Sunday, September 07, 2008

flickr: Download photos from a group pool in bulk

It is sometimes useful to download all photos from a group pool in one fell swoop. Rather than clicking through all the photos by hand in a web browser, we can use the Flickr API to grab the photos quickly. Using the flickrapi python package, this looks something like the following:

# 
#  flickr_groupdump.py
#  Download photos from the Flickr group pool in bulk
#  
#  Created by Jakob van Santen on 2008-09-07.
# 
import flickrapi, os, re, urllib

# api key and secret
api_key = 'your api key'
api_secret = 'your api key secret'
flickr_username = 'your flickr (yahoo) username'

# the url of the group pool to be dumped
group_url = 'http://www.flickr.com/groups/876344@N22/pool/'

# initialize and get authentication token
flickr = flickrapi.FlickrAPI(api_key,api_secret,username=flickr_username)
(token,frob) = (token, frob) = flickr.get_token_part_one(perms='read')
if not token: raw_input("Press ENTER after you authorized this program")
flickr.get_token_part_two((token, frob))

# look up the group
group = flickr.urls_lookupGroup(url=group_url)
group_id = group.group[0]['id']
group_name = group.group[0].groupname[0].text

# get all the photos in the pool
page = 1
pages = page+1
group_list = []
while page <= pages:
    photos = flickr.groups_pools_getPhotos(group_id=group_id,extras='date_taken,original_format',page=page)
    page = int(photos.photos[0]['page'])
    pages = int(photos.photos[0]['pages'])
    print 'Got page', page, 'of', pages
    page += 1
    photolist = photos.photos[0].photo
    group_list += [p.attrib for p in photolist]
    
# classify the photo list by user
owners = {}
for photo in group_list:
    o = photo['ownername']
    if owners.has_key(o):
        owners[o].append(photo)
    else:
        owners[o] = []

# for each user who uploaded photos to the pool:
for owner_name in owners.keys():
    owners[owner_name].sort(lambda x,y: cmp(x['datetaken'],y['datetaken']))
    target = owners[owner_name]
    try:
        os.makedirs(group_name + '/' + owner_name)
    except:
        None
    # dump every photo in the pool to a file
    for index,photo in enumerate(target):
        existing_fname = filter(lambda fn: re.match("^%s .*" % photo['id'],fn),os.listdir(group_name + '/' + owner_name))
        if existing_fname == []: #photo doesn't yet exist, so download it
            sizes = flickr.photos_getSizes(photo_id=photo['id'])
            biggest = sizes.sizes[0].size[-1].attrib
            url = biggest['source']
            format = re.match(".*\.(\w{3})$",url).group(1)
            fname = group_name + '/' + owner_name + '/' + '%s %s (%s).%s' % (photo['id'],photo['title'],owner_name,format)
            def reporter(block_count,block_size,total_size):
                if block_count == 0:
                    reporter.datasize = total_size
            urllib.urlretrieve(url,fname,reporter)
            print os.path.basename(fname), 'downloaded', '%.3f MB' % (reporter.datasize/2.0**20)
        else: # rename the file for giggles
            new_fname = re.sub("^(%s) .* (\(%s\))(\.\w+)$" % (photo['id'],owner_name),r'\1 %s \2\3' % photo['title'],existing_fname[0])
            os.rename(group_name + '/' + owner_name + '/' + existing_fname[0], group_name + '/' + owner_name + '/' + new_fname)
            print os.path.basename(new_fname), 'exists'

You’ll need to get your own API key from flickr and insert it at the top of the script. Next, paste in the URL of the group photo pool. On the first run, you’ll have to authorize the key to access your flickr account if you haven’t already done so.

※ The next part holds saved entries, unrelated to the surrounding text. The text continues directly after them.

lemma uminus_pos_root_iff: "\<beta> \<in> \<Phi> \<Longrightarrow> - \<beta> \<in> pos_roots \<Phi> \<Delta> \<longleftrightarrow> \<beta> \<notin> pos_roots \<Phi> \<Delta>"
  unfolding pos_roots_def
  using root_nonneg_or_nonpos nonneg_comb_simple_antisym zero_notin_roots uminus_root by fastforce

lemma simple_root_pos: "\<delta> \<in> \<Delta> \<Longrightarrow> \<delta> \<in> pos_roots \<Phi> \<Delta>"
  using simple_roots_subset nonneg_comb_elem[OF finite_simple_roots] by (auto simp: pos_roots_def)

lemma weyl_group_elem:
  assumes "w \<in> weyl_group \<Phi>"
  shows "linear w \<and> bij w \<and> w ` \<Phi> \<subseteq> \<Phi>"
  using assms
proof induction
  case weyl_id
  then show ?case
    using linear_id bij_id by (simp add: id_def)
next
  case (weyl_step w \<alpha>)
  then have "\<alpha> \<noteq> 0"
    using zero_notin_roots by blast
  have "linear (refl \<alpha> \<circ> w)"
    using weyl_step by (intro linear_compose linear_refl) auto
  moreover have "bij (refl \<alpha> \<circ> w)"
    using weyl_step \<open>\<alpha> \<noteq> 0\<close> by (intro bij_comp bij_refl) auto
  moreover have "(refl \<alpha> \<circ> w) ` \<Phi> \<subseteq> \<Phi>"
    using weyl_step by (auto intro: refl_root)
  ultimately show ?case
    by blast
qed

lemma weyl_linear: "w \<in> weyl_group \<Phi> \<Longrightarrow> linear w"
  using weyl_group_elem by blast

lemma weyl_root: "w \<in> weyl_group \<Phi> \<Longrightarrow> \<beta> \<in> \<Phi> \<Longrightarrow> w \<beta> \<in> \<Phi>"
  using weyl_group_elem by blast

lemma weyl_image_roots: "w \<in> weyl_group \<Phi> \<Longrightarrow> w ` \<Phi> = \<Phi>"
  using weyl_group_elem endo_inj_surj[OF finite_roots] by (metis bij_is_inj inj_on_subset subset_UNIV)

lemma pair_add: "a \<in> zspan \<Phi> \<Longrightarrow> b \<in> zspan \<Phi> \<Longrightarrow> pair \<mu> (a + b) = pair \<mu> a + pair \<mu> b"
  using cochar unfolding cochar_data_def by blast

lemma pair_scaleR_of_int: "\<beta> \<in> \<Phi> \<Longrightarrow> pair \<mu> (of_int n *\<^sub>R \<beta>) = n * pair \<mu> \<beta>"
  by (rule additive_scaleR_of_int[OF pair_add zspan_scaleR_of_int])

lemma pair_uminus: "\<beta> \<in> \<Phi> \<Longrightarrow> pair \<mu> (- \<beta>) = - pair \<mu> \<beta>"
  using pair_scaleR_of_int[of \<beta> \<mu> "-1"] by simp

lemma pair_add_roots: "a \<in> \<Phi> \<Longrightarrow> b \<in> \<Phi> \<Longrightarrow> pair \<mu> (a + b) = pair \<mu> a + pair \<mu> b"
  using pair_add zspan_superset by blast

lemma ell_uminus:
  assumes "w \<in> weyl_group \<Phi>" "\<beta> \<in> \<Phi>"
  shows "ell pair \<Phi> \<Delta> (w, \<mu>) (- \<beta>) = - ell pair \<Phi> \<Delta> (w, \<mu>) \<beta>"
proof -
  have "w (- \<beta>) = - w \<beta>" "w \<beta> \<in> \<Phi>"
    using assms weyl_root linear_neg[OF weyl_linear] by auto
  then show ?thesis
    using uminus_pos_root_iff[OF assms(2)] uminus_pos_root_iff pair_uminus[OF assms(2)]
    by (simp add: ell_def)
qed

lemma weyl_pos_root_add:
  assumes "w \<in> weyl_group \<Phi>" "a + of_int k *\<^sub>R b \<in> \<Phi>" "k \<ge> 0"
    and "w a \<in> pos_roots \<Phi> \<Delta>" "w b \<in> pos_roots \<Phi> \<Delta>"
  shows "w (a + of_int k *\<^sub>R b) \<in> pos_roots \<Phi> \<Delta>"
proof -
  have "w (a + of_int k *\<^sub>R b) = w a + of_int k *\<^sub>R w b"
    using weyl_linear[OF assms(1)] by (simp add: linear_add linear_scale)
  moreover have "nonneg_comb \<Delta> (w a + of_int k *\<^sub>R w b)"
    using assms(3-5) by (intro nonneg_comb_add nonneg_comb_scaleR) (auto simp: pos_roots_def)
  ultimately show ?thesis
    using weyl_root[OF assms(1,2)] by (simp add: pos_roots_def)
qed

lemma pos_root_below_multiple_of_simple:
  assumes "\<delta> \<in> \<Delta>" "\<gamma> \<in> pos_roots \<Phi> \<Delta>" "nonneg_comb \<Delta> (of_int n *\<^sub>R \<delta> - \<gamma>)"
  shows "\<gamma> = \<delta>"
proof -
  obtain c where c: "\<forall>x\<in>\<Delta>. c x \<ge> 0" "\<gamma> = (\<Sum>x\<in>\<Delta>. of_int (c x) *\<^sub>R x)"
    using assms(2) unfolding pos_roots_def nonneg_comb_def by blast
  obtain e where e: "\<forall>x\<in>\<Delta>. e x \<ge> 0" "of_int n *\<^sub>R \<delta> - \<gamma> = (\<Sum>x\<in>\<Delta>. of_int (e x) *\<^sub>R x)"
    using assms(3) unfolding nonneg_comb_def by blast
  have "(\<Sum>x\<in>\<Delta>. of_int (c x + e x) *\<^sub>R x) = of_int n *\<^sub>R \<delta>"
    using c(2) e(2) by (simp add: scaleR_add_left sum.distrib) (metis add_diff_cancel_left' diff_add_cancel)
  then have "c x + e x = (if x = \<delta> then n else 0)" if "x \<in> \<Delta>" for x
    using independent_int_coeffs_unique[OF finite_simple_roots independent_simple_roots that,
        of "\<lambda>x. c x + e x" "\<lambda>x. if x = \<delta> then n else 0"]
      sum_indicator_scaleR[OF finite_simple_roots assms(1)] by simp
  then have c_other: "c x = 0" if "x \<in> \<Delta>" "x \<noteq> \<delta>" for x
    using that c(1) e(1) by fastforce
  have "\<gamma> = (\<Sum>x\<in>\<Delta>. if x = \<delta> then of_int (c \<delta>) *\<^sub>R x else 0)"
    unfolding c(2) by (rule sum.cong) (auto simp: c_other)
  also have "\<dots> = of_int (c \<delta>) *\<^sub>R \<delta>"
    using finite_simple_roots assms(1) by simp
  finally have \<gamma>_eq: "\<gamma> = of_int (c \<delta>) *\<^sub>R \<delta>" .
  have "\<delta> \<in> \<Phi>" "\<gamma> \<in> \<Phi>"
    using assms(1,2) simple_roots_subset by (auto simp: pos_roots_def)
  then have "real_of_int (c \<delta>) = 1 \<or> real_of_int (c \<delta>) = -1"
    using roots_reduced \<gamma>_eq by blast
  moreover have "\<gamma> \<noteq> - \<delta>"
    using assms(2) simple_root_pos[OF assms(1)] uminus_pos_root_iff[OF \<open>\<delta> \<in> \<Phi>\<close>] by blast
  ultimately show ?thesis
    using \<gamma>_eq by auto
qed
lemma moving_average_mean_value:
  assumes c: "continuous_on UNIV g" and h: "h > 0"
  obtains \<xi> where "y \<le> \<xi>" "\<xi> \<le> y + h" "moving_average h g y = g \<xi>"
proof -
  obtain z where "y < z" "z < y + h" "antideriv g (y + h) - antideriv g y = (y + h - y) * g z"
    using MVT2[of y "y + h" "antideriv g" g] h has_real_derivative_antideriv[OF c] by auto
  then show ?thesis using h that[of z] by (auto simp: moving_average_def)
qed

lemma continuous_on_funpow_moving_average:
  "continuous_on UNIV g \<Longrightarrow> continuous_on UNIV ((moving_average h ^^ j) g)"
  by (induction j) (simp_all add: continuous_on_moving_average)

lemma continuous_on_funpow_diff_quotient:
  "continuous_on UNIV g \<Longrightarrow> continuous_on UNIV ((diff_quotient h ^^ j) g)"
  by (induction j) (simp_all add: continuous_on_diff_quotient)

lemma funpow_moving_average_mean_value:
  assumes c: "continuous_on UNIV g" and h: "h > 0"
  obtains \<xi> where "y \<le> \<xi>" "\<xi> \<le> y + real j * h" "(moving_average h ^^ j) g y = g \<xi>"
proof (induction j arbitrary: y thesis)
  case 0 then show ?case by auto
next
  case (Suc j)
  obtain \<xi>1 where \<xi>1: "y \<le> \<xi>1" "\<xi>1 \<le> y + h" "moving_average h ((moving_average h ^^ j) g) y = (moving_average h ^^ j) g \<xi>1"
    using moving_average_mean_value[OF continuous_on_funpow_moving_average[OF c] h] by blast
  obtain \<xi>2 where \<xi>2: "\<xi>1 \<le> \<xi>2" "\<xi>2 \<le> \<xi>1 + real j * h" "(moving_average h ^^ j) g \<xi>1 = g \<xi>2"
    using Suc.IH by blast
  show ?case using \<xi>1 \<xi>2 by (intro Suc.prems[of \<xi>2]) (auto simp: algebra_simps)
qed

lemma diff_quotient_funpow_moving_average:
  assumes "continuous_on UNIV g"
  shows "diff_quotient h ((moving_average h ^^ j) g) = (moving_average h ^^ j) (diff_quotient h g)"
proof (induction j)
  case (Suc j)
  have "diff_quotient h ((moving_average h ^^ Suc j) g) = moving_average h (diff_quotient h ((moving_average h ^^ j) g))"
    using moving_average_diff_quotient[OF continuous_on_funpow_moving_average[OF assms]] by simp
  then show ?case using Suc by simp
qed simp

lemma mean_value_theorem_unordered:
  assumes "\<And>x. (g has_real_derivative g' x) (at x)"
  obtains z where "\<bar>z - x\<bar> \<le> \<bar>y - x\<bar>" "g y - g x = (y - x) * g' z"
proof (cases x y rule: linorder_cases)
  case less
  then obtain z where "x < z" "z < y" "g y - g x = (y - x) * g' z" using MVT2[of x y g g'] assms by blast
  then show ?thesis using that[of z] by auto
next
  case greater
  then obtain z where "y < z" "z < x" "g x - g y = (x - y) * g' z" using MVT2[of y x g g'] assms by blast
  then show ?thesis using that[of z] by (auto simp: algebra_simps)
qed (use that in auto)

The script looks up the group based on its URL and builds a list of all photos in the pool. Then, it classifies the photos by owner. For each photo, the script fetches the largest available size and downloads it. Photos from each user are put in a different subfolder. The file name for each photo includes the photo ID from flickr, so if the photo already exists, it is skipped. If you run the script multiple times, it will only fetch the newly-added photos from the group pool.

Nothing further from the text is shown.